- _PROBLEM STATEMENT_: Go to the line holding "(fps_of_poly p) z" in the entries below and write out exactly every line down to and including the line holding "(simp add: poly_eq_sum_lessThan[of".

- _SUPPLIED DATA_:
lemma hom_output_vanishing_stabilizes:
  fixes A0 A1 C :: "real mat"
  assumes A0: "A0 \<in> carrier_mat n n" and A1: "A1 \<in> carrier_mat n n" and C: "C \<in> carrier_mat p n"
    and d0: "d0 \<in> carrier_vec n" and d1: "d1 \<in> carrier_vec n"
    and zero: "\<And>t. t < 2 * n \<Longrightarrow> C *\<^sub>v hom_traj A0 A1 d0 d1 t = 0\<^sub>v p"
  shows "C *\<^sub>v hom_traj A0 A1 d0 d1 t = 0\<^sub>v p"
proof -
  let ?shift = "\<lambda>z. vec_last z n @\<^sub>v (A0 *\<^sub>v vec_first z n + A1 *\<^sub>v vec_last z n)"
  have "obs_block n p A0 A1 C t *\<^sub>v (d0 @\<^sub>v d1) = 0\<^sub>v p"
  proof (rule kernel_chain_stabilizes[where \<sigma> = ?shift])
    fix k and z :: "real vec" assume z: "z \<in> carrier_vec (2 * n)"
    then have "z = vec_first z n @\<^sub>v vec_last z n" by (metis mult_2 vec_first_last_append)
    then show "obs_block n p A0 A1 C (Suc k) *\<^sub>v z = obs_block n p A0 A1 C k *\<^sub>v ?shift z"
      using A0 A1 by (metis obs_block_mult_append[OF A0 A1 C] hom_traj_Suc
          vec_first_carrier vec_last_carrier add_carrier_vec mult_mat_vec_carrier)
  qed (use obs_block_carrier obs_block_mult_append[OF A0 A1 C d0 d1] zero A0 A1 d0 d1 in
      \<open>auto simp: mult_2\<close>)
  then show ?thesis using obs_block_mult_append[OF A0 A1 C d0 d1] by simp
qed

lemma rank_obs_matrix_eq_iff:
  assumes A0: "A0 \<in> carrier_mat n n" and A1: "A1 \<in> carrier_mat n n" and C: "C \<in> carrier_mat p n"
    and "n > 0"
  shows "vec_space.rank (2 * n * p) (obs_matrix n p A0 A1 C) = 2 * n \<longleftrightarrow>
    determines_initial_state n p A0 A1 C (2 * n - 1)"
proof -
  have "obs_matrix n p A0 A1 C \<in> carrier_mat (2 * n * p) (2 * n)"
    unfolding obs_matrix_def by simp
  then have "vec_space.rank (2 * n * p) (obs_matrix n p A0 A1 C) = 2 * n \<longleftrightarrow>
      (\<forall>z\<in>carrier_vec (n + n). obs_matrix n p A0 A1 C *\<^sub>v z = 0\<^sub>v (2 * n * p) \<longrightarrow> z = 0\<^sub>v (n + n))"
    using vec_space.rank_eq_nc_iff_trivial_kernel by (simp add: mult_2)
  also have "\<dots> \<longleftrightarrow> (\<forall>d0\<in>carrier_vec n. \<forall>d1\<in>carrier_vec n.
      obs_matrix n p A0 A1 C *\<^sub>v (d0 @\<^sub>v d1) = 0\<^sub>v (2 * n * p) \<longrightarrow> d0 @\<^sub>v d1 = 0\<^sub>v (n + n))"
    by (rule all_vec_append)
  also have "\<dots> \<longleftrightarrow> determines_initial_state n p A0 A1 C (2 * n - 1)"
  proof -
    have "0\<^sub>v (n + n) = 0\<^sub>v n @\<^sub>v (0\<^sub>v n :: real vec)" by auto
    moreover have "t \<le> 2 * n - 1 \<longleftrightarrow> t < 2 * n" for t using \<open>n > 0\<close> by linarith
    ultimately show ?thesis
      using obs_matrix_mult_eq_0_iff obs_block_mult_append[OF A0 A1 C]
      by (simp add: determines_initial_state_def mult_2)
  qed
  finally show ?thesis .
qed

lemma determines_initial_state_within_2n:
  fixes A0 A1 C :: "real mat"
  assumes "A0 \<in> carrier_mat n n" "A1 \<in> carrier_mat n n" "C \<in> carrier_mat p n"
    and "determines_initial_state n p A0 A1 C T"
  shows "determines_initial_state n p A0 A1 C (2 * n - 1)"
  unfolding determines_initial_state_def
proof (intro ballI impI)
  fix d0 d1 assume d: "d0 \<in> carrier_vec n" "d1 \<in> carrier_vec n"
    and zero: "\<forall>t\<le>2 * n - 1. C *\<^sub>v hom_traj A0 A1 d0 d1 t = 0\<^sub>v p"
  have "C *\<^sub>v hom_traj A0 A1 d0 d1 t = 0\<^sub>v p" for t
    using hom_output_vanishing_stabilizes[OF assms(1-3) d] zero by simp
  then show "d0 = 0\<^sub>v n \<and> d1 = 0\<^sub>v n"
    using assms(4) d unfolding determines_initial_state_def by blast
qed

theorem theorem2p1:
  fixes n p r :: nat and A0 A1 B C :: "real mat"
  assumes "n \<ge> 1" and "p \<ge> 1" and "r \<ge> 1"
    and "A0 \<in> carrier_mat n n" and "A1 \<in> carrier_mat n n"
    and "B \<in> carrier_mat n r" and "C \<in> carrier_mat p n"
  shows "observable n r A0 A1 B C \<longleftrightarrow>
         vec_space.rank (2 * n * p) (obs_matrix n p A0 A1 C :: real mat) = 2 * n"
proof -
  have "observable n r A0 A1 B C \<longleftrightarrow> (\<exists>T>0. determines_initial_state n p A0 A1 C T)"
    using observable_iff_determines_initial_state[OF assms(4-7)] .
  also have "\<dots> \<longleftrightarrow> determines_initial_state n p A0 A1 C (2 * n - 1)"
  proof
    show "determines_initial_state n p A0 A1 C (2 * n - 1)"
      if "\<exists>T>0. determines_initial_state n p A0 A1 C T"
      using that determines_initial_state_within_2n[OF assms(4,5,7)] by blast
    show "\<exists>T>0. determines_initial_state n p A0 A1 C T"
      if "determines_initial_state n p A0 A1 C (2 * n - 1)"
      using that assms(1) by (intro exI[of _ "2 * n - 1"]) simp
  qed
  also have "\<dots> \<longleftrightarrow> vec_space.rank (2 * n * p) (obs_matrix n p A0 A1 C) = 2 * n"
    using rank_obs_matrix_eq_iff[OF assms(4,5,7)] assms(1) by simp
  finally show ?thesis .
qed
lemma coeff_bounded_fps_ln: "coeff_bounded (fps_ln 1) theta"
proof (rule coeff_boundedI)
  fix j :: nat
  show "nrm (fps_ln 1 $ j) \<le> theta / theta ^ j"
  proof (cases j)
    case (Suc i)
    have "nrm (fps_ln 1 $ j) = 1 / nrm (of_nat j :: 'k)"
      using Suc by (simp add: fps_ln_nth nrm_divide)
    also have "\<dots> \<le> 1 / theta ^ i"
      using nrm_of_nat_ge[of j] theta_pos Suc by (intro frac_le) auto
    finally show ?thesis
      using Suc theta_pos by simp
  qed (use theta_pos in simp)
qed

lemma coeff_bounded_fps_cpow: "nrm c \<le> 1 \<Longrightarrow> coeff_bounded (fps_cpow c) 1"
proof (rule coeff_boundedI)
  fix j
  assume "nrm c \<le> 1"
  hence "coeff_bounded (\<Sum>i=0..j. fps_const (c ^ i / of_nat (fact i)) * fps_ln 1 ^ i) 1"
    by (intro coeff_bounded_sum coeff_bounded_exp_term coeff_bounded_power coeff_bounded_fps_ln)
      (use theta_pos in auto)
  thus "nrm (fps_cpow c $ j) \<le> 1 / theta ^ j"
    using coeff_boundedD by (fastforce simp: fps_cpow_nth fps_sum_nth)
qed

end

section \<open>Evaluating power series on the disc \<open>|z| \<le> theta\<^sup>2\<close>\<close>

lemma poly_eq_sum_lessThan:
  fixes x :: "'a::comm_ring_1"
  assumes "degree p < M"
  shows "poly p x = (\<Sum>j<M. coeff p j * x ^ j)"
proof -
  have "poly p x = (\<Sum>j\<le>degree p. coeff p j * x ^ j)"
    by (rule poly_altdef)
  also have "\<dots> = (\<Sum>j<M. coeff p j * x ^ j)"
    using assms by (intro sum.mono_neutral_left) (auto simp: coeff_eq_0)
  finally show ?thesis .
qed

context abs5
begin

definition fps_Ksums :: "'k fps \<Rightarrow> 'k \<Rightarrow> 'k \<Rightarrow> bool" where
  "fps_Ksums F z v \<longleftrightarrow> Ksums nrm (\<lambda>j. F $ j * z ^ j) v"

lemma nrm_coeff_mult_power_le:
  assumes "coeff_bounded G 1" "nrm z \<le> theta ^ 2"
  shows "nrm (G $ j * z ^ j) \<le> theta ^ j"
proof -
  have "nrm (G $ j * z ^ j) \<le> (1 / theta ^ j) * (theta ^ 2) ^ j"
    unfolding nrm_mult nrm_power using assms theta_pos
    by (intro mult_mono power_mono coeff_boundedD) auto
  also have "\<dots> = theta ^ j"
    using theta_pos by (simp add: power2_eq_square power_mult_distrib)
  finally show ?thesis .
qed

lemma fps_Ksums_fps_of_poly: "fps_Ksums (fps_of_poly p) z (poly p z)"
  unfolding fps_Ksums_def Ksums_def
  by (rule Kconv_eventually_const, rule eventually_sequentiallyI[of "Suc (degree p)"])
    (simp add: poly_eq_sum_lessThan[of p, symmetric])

---

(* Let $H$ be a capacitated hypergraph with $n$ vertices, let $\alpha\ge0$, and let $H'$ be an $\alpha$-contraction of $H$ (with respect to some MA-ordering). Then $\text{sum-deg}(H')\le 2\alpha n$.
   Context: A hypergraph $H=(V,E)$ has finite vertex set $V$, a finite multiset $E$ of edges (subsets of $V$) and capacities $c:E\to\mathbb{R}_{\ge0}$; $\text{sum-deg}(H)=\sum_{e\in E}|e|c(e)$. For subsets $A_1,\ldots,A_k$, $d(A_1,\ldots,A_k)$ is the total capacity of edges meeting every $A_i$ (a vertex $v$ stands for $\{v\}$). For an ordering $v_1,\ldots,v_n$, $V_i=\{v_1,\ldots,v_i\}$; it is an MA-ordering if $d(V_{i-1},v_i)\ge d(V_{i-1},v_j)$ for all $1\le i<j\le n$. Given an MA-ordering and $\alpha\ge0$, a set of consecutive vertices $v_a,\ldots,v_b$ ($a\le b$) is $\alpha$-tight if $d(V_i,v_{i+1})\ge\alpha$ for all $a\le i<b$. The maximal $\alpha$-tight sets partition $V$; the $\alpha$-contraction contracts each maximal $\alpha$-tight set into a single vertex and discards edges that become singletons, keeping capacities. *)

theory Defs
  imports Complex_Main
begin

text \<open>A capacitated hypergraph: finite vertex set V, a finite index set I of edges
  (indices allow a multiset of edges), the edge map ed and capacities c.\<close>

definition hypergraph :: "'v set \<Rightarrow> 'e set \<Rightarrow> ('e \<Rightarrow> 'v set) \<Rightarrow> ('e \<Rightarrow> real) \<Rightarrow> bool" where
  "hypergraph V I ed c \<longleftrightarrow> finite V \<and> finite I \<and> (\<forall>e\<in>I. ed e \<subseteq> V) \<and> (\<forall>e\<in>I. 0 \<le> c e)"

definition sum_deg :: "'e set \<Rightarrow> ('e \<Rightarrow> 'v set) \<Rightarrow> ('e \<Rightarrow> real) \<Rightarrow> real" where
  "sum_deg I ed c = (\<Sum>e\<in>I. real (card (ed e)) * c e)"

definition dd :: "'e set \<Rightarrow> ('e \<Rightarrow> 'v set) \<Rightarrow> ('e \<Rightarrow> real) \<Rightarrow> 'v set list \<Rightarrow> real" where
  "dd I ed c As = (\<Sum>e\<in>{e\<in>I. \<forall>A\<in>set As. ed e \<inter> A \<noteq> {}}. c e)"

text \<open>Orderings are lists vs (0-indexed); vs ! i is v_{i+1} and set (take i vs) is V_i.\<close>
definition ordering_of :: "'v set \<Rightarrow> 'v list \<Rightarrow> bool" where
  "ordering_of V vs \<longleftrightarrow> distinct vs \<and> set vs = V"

- _SOLUTION FOR THIS EXERCISE_:
lemma fps_Ksums_fps_of_poly: "fps_Ksums (fps_of_poly p) z (poly p z)"
  unfolding fps_Ksums_def Ksums_def
  by (rule Kconv_eventually_const, rule eventually_sequentiallyI[of "Suc (degree p)"])
    (simp add: poly_eq_sum_lessThan[of p, symmetric])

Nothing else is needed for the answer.